Records for this exercise:
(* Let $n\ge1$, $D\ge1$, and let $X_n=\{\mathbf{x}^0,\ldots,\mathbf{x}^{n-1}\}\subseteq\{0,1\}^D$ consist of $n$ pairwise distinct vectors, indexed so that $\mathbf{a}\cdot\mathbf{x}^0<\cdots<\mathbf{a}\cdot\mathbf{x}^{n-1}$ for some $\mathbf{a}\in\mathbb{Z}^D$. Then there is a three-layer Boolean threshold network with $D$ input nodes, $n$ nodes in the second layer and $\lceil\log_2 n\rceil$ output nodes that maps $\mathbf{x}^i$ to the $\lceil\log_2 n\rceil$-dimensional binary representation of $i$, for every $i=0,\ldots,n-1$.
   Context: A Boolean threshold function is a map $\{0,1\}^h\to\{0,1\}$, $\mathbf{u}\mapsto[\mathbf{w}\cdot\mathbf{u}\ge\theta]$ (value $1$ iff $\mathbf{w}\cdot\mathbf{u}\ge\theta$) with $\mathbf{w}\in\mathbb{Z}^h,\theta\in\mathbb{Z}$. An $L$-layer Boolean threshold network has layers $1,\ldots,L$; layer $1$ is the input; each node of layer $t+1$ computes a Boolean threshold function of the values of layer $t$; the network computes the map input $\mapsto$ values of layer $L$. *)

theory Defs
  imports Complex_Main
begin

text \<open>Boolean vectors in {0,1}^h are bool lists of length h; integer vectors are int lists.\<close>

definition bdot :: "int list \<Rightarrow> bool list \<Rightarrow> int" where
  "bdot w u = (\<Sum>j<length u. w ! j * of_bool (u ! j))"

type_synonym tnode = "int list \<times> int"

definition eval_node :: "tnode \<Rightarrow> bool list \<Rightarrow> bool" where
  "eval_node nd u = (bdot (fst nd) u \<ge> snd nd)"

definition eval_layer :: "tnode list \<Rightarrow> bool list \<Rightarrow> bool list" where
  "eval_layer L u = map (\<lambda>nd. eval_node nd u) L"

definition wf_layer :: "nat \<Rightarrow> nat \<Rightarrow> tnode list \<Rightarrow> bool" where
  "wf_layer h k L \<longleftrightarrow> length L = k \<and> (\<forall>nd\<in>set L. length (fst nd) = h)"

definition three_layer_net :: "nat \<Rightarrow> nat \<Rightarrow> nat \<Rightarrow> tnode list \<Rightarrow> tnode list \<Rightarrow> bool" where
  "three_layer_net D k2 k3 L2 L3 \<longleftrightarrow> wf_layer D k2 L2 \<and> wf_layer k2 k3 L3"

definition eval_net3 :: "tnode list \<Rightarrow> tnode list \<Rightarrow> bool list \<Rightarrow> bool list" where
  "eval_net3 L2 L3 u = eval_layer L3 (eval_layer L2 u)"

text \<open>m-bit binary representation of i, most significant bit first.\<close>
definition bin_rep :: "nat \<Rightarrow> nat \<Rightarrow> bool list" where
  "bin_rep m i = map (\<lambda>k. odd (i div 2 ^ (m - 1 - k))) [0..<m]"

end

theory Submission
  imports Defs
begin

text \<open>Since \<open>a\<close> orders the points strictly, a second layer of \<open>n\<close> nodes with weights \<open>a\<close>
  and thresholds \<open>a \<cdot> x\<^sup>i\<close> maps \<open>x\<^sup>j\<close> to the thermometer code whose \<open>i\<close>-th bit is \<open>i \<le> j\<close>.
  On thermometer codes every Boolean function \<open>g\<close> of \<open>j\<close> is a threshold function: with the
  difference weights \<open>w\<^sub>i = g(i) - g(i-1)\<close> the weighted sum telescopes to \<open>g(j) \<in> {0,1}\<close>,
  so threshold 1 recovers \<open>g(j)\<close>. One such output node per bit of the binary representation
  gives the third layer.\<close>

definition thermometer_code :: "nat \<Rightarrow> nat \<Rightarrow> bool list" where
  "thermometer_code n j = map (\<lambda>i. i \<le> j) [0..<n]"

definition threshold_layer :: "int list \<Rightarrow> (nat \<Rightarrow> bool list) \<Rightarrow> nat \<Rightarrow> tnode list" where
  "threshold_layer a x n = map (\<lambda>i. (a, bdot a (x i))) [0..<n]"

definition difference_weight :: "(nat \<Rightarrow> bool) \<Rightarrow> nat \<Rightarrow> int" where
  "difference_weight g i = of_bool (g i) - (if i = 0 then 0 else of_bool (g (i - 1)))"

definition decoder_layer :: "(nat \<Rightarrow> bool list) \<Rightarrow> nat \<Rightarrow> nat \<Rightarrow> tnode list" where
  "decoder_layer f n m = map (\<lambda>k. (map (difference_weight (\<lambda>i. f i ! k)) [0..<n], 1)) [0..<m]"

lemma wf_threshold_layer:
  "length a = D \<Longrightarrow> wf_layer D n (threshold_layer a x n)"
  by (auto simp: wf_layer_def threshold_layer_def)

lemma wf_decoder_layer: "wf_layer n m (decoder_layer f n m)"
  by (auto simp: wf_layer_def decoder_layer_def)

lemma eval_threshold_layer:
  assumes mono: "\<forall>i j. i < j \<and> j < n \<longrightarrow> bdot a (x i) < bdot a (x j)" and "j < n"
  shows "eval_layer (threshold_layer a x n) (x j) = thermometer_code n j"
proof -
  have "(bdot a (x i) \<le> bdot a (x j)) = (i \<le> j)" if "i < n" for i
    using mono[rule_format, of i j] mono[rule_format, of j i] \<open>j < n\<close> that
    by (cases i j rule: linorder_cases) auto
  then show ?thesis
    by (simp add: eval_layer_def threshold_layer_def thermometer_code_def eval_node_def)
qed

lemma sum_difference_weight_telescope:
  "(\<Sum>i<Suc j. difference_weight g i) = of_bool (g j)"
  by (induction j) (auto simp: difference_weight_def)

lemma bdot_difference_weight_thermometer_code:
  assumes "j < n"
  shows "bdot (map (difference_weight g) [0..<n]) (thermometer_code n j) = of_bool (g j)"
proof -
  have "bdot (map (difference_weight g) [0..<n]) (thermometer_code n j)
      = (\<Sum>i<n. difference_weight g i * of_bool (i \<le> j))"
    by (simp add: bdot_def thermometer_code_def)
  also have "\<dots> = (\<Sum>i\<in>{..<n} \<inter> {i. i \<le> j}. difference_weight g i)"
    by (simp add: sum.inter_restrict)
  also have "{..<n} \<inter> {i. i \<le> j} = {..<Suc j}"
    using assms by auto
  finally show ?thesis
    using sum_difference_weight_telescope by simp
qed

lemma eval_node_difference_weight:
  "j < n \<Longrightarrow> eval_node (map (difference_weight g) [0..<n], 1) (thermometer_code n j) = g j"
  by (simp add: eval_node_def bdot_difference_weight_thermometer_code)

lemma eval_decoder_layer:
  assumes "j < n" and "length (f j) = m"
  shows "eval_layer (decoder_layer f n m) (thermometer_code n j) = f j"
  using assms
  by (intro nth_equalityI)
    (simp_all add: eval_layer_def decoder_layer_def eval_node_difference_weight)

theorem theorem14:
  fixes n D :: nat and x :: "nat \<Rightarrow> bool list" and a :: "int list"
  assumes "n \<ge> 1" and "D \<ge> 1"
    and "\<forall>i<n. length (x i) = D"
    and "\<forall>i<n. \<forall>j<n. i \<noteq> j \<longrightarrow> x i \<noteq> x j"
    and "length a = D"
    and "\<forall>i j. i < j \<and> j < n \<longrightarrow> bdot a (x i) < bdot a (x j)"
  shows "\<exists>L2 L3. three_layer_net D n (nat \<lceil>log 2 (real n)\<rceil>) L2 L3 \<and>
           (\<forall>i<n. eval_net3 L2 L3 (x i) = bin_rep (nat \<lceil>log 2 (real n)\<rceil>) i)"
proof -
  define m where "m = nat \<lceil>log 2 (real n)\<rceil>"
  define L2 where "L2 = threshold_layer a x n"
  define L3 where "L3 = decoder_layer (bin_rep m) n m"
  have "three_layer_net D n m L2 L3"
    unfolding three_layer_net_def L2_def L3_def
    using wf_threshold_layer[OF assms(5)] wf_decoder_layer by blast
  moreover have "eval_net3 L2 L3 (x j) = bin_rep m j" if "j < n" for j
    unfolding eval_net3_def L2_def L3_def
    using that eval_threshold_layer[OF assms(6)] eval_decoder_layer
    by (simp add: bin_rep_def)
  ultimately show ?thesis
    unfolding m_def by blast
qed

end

Your task: Going down the listing above, begin printing at the line with "list \<Rightarrow> (nat" and finish with the line with "i = of_bool", exactly as they appear.

The answer:
definition threshold_layer :: "int list \<Rightarrow> (nat \<Rightarrow> bool list) \<Rightarrow> nat \<Rightarrow> tnode list" where
  "threshold_layer a x n = map (\<lambda>i. (a, bdot a (x i))) [0..<n]"

definition difference_weight :: "(nat \<Rightarrow> bool) \<Rightarrow> nat \<Rightarrow> int" where
  "difference_weight g i = of_bool (g i) - (if i = 0 then 0 else of_bool (g (i - 1)))"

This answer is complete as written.